Minji akhirnya bersedia pergi ke rumah sakit. Tapi bukannya ke bagian registrasi, Yoongi mengajak Minji ke cafeteria.
“Oppa, kenapa kita malah ke sini?”
“Seseorang akan datang kesini buat meriksa kamu. Nah, itu dia… Seokjin hyung!”, Yoongi melambaikan tangan ke arah Seokjin yang baru saja masuk cafeteria.
“Hyung, kenalin, ini Park Minji. Minji-yah, ini Seokjin hyung, dia lagi ambil pendidikan spesialis orthopedi di sini.”
“Aah, jadi ini yang namamya Minji.”
“Salam kenal.”, Minji sedikit membungkuk untuk memberi salam.
“Gimana, apa yang bisa aku bantu?”, Seokjin bertanya ke Yoongi, setelah tersenyum pada Minji.
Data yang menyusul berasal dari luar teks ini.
(* Let $p\in(\frac12,1]$ and let $\theta=\frac{1+\sqrt{2p-1}}{2}$. There exists $\varepsilon_0=\varepsilon_0(p)>0$ such that the following holds for every fixed $0<\varepsilon<\varepsilon_0$. Let $q=q(n)\gg\frac{\log n}{n}$, and let $G=G_n$ be $n$-vertex graphs satisfying \[\left|e(G[U])-q\frac{|U|^2}{2}\right|\leq\frac{\varepsilon^2}{4}qn^2\quad\text{for all }U\subseteq V(G).\] Consider a fixed tripartition $V(G)=V_1\sqcup V_2\sqcup V_3$. Then for every $\mu\in\mathcal{M}_{1,p}(G)$, the following hold with probability $1-o(1)$ as $n\to\infty$: (P1) $e(\mathbf{G}_\mu[V_i])\geq pq\frac{|V_i|^2}{2}-\varepsilon qn^2$ for every $i\in[3]$; (P2) $e(\mathbf{G}_\mu[V_i,V_j])\geq pq|V_i||V_j|-\varepsilon qn^2$ for all $1\leq i<j\leq3$; (P3) for every $i\in[3]$ with $|V_i|\geq\varepsilon^{1/4}n$, $\mathbf{G}_\mu[V_i]$ contains a unique largest connected component $C_i$, of order at least $(\theta-\varepsilon^{1/4})|V_i|$; (P4) for all $1\leq i<j\leq3$ with $|V_i|,|V_j|\geq\varepsilon^{1/4}n$, there exists a path from $C_i$ to $C_j$ in $\mathbf{G}_\mu[V_i,V_j]$; (P5) there is a unique largest connected component $C$ in $\mathbf{G}_\mu$ such that $|C|\geq(\theta-3\varepsilon^{1/4})n$ and $C_i\subseteq C$ for each $i\in[3]$ with $|V_i|\geq\varepsilon^{1/4}n$.
   Context: $G[U]$ is the induced subgraph on $U$, and for disjoint $X,Y$, $G[X,Y]$ is the bipartite subgraph with vertex set $X\cup Y$ and the edges of $G$ between $X$ and $Y$. A random graph model on $G$ is a probability measure $\mu$ on subsets of $E(G)$, and $\mathbf{G}_\mu$ is the random spanning subgraph with edge set distributed according to $\mu$. $\mu$ is $1$-independent if for all sets $A,B\subseteq E(G)$ whose edges span disjoint vertex sets, $E(\mathbf{G}_\mu)\cap A$ and $E(\mathbf{G}_\mu)\cap B$ are independent. $\mathcal{M}_{1,p}(G)$ is the set of $1$-independent measures on $G$ in which each edge is present with probability exactly $p$. *)

theory Defs
  imports "HOL-Probability.Probability" "HOL-Library.Landau_Symbols"
begin

definition edges_on :: "nat set \<Rightarrow> nat set set" where
  "edges_on S = {e. \<exists>u v. e = {u, v} \<and> u \<noteq> v \<and> u \<in> S \<and> v \<in> S}"

definition e_ind :: "nat set set \<Rightarrow> nat set \<Rightarrow> nat" where
  "e_ind F U = card {e \<in> F. e \<subseteq> U}"

definition bip_edges :: "nat set set \<Rightarrow> nat set \<Rightarrow> nat set \<Rightarrow> nat set set" where
  "bip_edges F X Y = {e \<in> F. \<exists>x\<in>X. \<exists>y\<in>Y. e = {x, y}}"

definition e_bip :: "nat set set \<Rightarrow> nat set \<Rightarrow> nat set \<Rightarrow> nat" where
  "e_bip F X Y = card (bip_edges F X Y)"

definition reach :: "nat set set \<Rightarrow> nat set \<Rightarrow> nat \<Rightarrow> nat \<Rightarrow> bool" where
  "reach F U = (\<lambda>x y. x \<in> U \<and> y \<in> U \<and> {x, y} \<in> F)\<^sup>*\<^sup>*"

definition comp :: "nat set set \<Rightarrow> nat set \<Rightarrow> nat \<Rightarrow> nat set" where
  "comp F U v = {w \<in> U. reach F U v w}"

definition components :: "nat set set \<Rightarrow> nat set \<Rightarrow> nat set set" where
  "components F U = comp F U ` U"

definition unique_largest_comp :: "nat set set \<Rightarrow> nat set \<Rightarrow> nat set \<Rightarrow> bool" where
  "unique_largest_comp F U C \<longleftrightarrow>
     C \<in> components F U \<and> (\<forall>D \<in> components F U. D \<noteq> C \<longrightarrow> card D < card C)"

definition one_indep :: "nat set set \<Rightarrow> nat set set pmf \<Rightarrow> bool" where
  "one_indep E \<mu> \<longleftrightarrow>
     (\<forall>A B. A \<subseteq> E \<longrightarrow> B \<subseteq> E \<longrightarrow> \<Union>A \<inter> \<Union>B = {} \<longrightarrow>
        (\<forall>\<S> \<T>. measure_pmf.prob \<mu> {X. X \<inter> A \<in> \<S> \<and> X \<inter> B \<in> \<T>} =
                 measure_pmf.prob \<mu> {X. X \<inter> A \<in> \<S>} * measure_pmf.prob \<mu> {X. X \<inter> B \<in> \<T>}))"

definition M1p :: "nat set set \<Rightarrow> real \<Rightarrow> nat set set pmf set" where
  "M1p E p = {\<mu>. set_pmf \<mu> \<subseteq> Pow E \<and> one_indep E \<mu> \<and>
                  (\<forall>e \<in> E. measure_pmf.prob \<mu> {X. e \<in> X} = p)}"

end

theory Submission
  imports Defs
begin

(*
  Write delta = eps^(1/4). On the event that (P1) and (P2) hold, (P3)-(P5) follow deterministically
  from the quasirandomness of G. A part W of size m >= delta n spans at least p q m^2/2 - eps q n^2
  edges of G_mu, while splitting W into pieces that no edge of G_mu leaves keeps at most q/2 times the
  sum of the squared piece sizes, up to O(eps^2 q n^2). As p > 1/2, the components of G_mu[W] cannot
  be grouped into three pieces of size at most m/2, so some component has l >= m/2 vertices, and then
  l^2 + (m - l)^2 >= (p - O(delta^2)) m^2 forces l >= (theta - delta) m. The same splitting argument in
  the bipartite graph between two parts joins their giant components, and the component of G_mu
  containing all of them misses at most 3 delta n vertices.
  (P1) and (P2) fail with probability O(1/(eps^2 q n)) = o(1) by Chebyshev's inequality: indicators of
  disjoint edges are uncorrelated by 1-independence, so the number of edges of G_mu inside a set F of
  edges of G has variance at most 2 n |F| <= 2 q n^3.
*)

section \<open>Reachability and components\<close>

lemma reach_refl: "reach F U x x"
  unfolding reach_def by simp

lemma reach_sym: "reach F U x y \<Longrightarrow> reach F U y x"
  unfolding reach_def
  by (rule sympD[OF symp_rtranclp]) (auto intro: sympI simp: insert_commute)

lemma reach_trans: "reach F U x y \<Longrightarrow> reach F U y z \<Longrightarrow> reach F U x z"
  unfolding reach_def by (rule rtranclp_trans)

lemma reach_mono: "F \<subseteq> F' \<Longrightarrow> U \<subseteq> U' \<Longrightarrow> reach F U x y \<Longrightarrow> reach F' U' x y"
  unfolding reach_def by (erule rtranclp_mono[THEN predicate2D, rotated]) auto

lemma comp_subset: "comp X V v \<subseteq> V"
  unfolding comp_def by auto

lemma comp_self: "v \<in> V \<Longrightarrow> v \<in> comp X V v"
  unfolding comp_def by (simp add: reach_refl)

lemma comp_eq_if_reach: "reach X V v w \<Longrightarrow> comp X V v = comp X V w"
  unfolding comp_def using reach_trans reach_sym by blast

lemma comp_disjoint:
  assumes "comp X V v \<noteq> comp X V w"
  shows "comp X V v \<inter> comp X V w = {}"
proof (rule ccontr)
  assume "comp X V v \<inter> comp X V w \<noteq> {}"
  then obtain z where "reach X V v z" "reach X V w z" unfolding comp_def by blast
  then have "reach X V v w" using reach_trans reach_sym by blast
  then show False using assms comp_eq_if_reach by blast
qed

lemma comp_subset_comp:
  assumes "V \<subseteq> V'" "reach X V' v w"
  shows "comp X V w \<subseteq> comp X V' v"
  using assms reach_trans reach_mono[OF order_refl assms(1)] unfolding comp_def by blast

lemma unique_largest_comp_if_majority:
  assumes "finite V" "v \<in> V" "card V < 2 * card (comp X V v)"
  shows "unique_largest_comp X V (comp X V v)"
  unfolding unique_largest_comp_def components_def
proof (intro conjI ballI impI)
  show "comp X V v \<in> comp X V ` V" using assms(2) by blast
  fix D assume "D \<in> comp X V ` V" "D \<noteq> comp X V v"
  then have "D \<subseteq> V - comp X V v" using comp_disjoint comp_subset by blast
  then have "card D \<le> card V - card (comp X V v)"
    using assms(1) by (metis card_Diff_subset card_mono comp_subset finite_Diff finite_subset)
  then show "card D < card (comp X V v)" using assms(3) by linarith
qed

definition edge_closed :: "nat set set \<Rightarrow> nat set \<Rightarrow> nat set \<Rightarrow> bool" where
  "edge_closed X V S \<longleftrightarrow> S \<subseteq> V \<and> (\<forall>u w. u \<in> S \<longrightarrow> w \<in> V \<longrightarrow> {u, w} \<in> X \<longrightarrow> w \<in> S)"

lemma edge_closed_reach: "reach X V x y \<Longrightarrow> edge_closed X V S \<Longrightarrow> x \<in> S \<Longrightarrow> y \<in> S"
  unfolding reach_def by (induction rule: rtranclp_induct) (auto simp: edge_closed_def)

lemma edge_closed_comp: "edge_closed X V (comp X V v)"
  unfolding edge_closed_def comp_def using reach_trans[of X V v] by (auto simp: reach_def)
“Pergelangan tangannya terkilir pas latihan, apa hyung bisa memeriksanya?”
“Kamu bahkan nggak pernah ngirim pesan meskipun aku ulang tahun. Minji pasti sangat spesial sampai kamu minta aku kesini. Boleh aku lihat tanganmu?”, Seokijn menjulurkan tangannya pada Minji, dan mulai memeriksa.
“Aku nggak bisa tahu pasti, tapi kayaknya ada cedera di bagian dalam. Apa besok pagi kamu bisa ke rumah sakit lagi buat rontgen?”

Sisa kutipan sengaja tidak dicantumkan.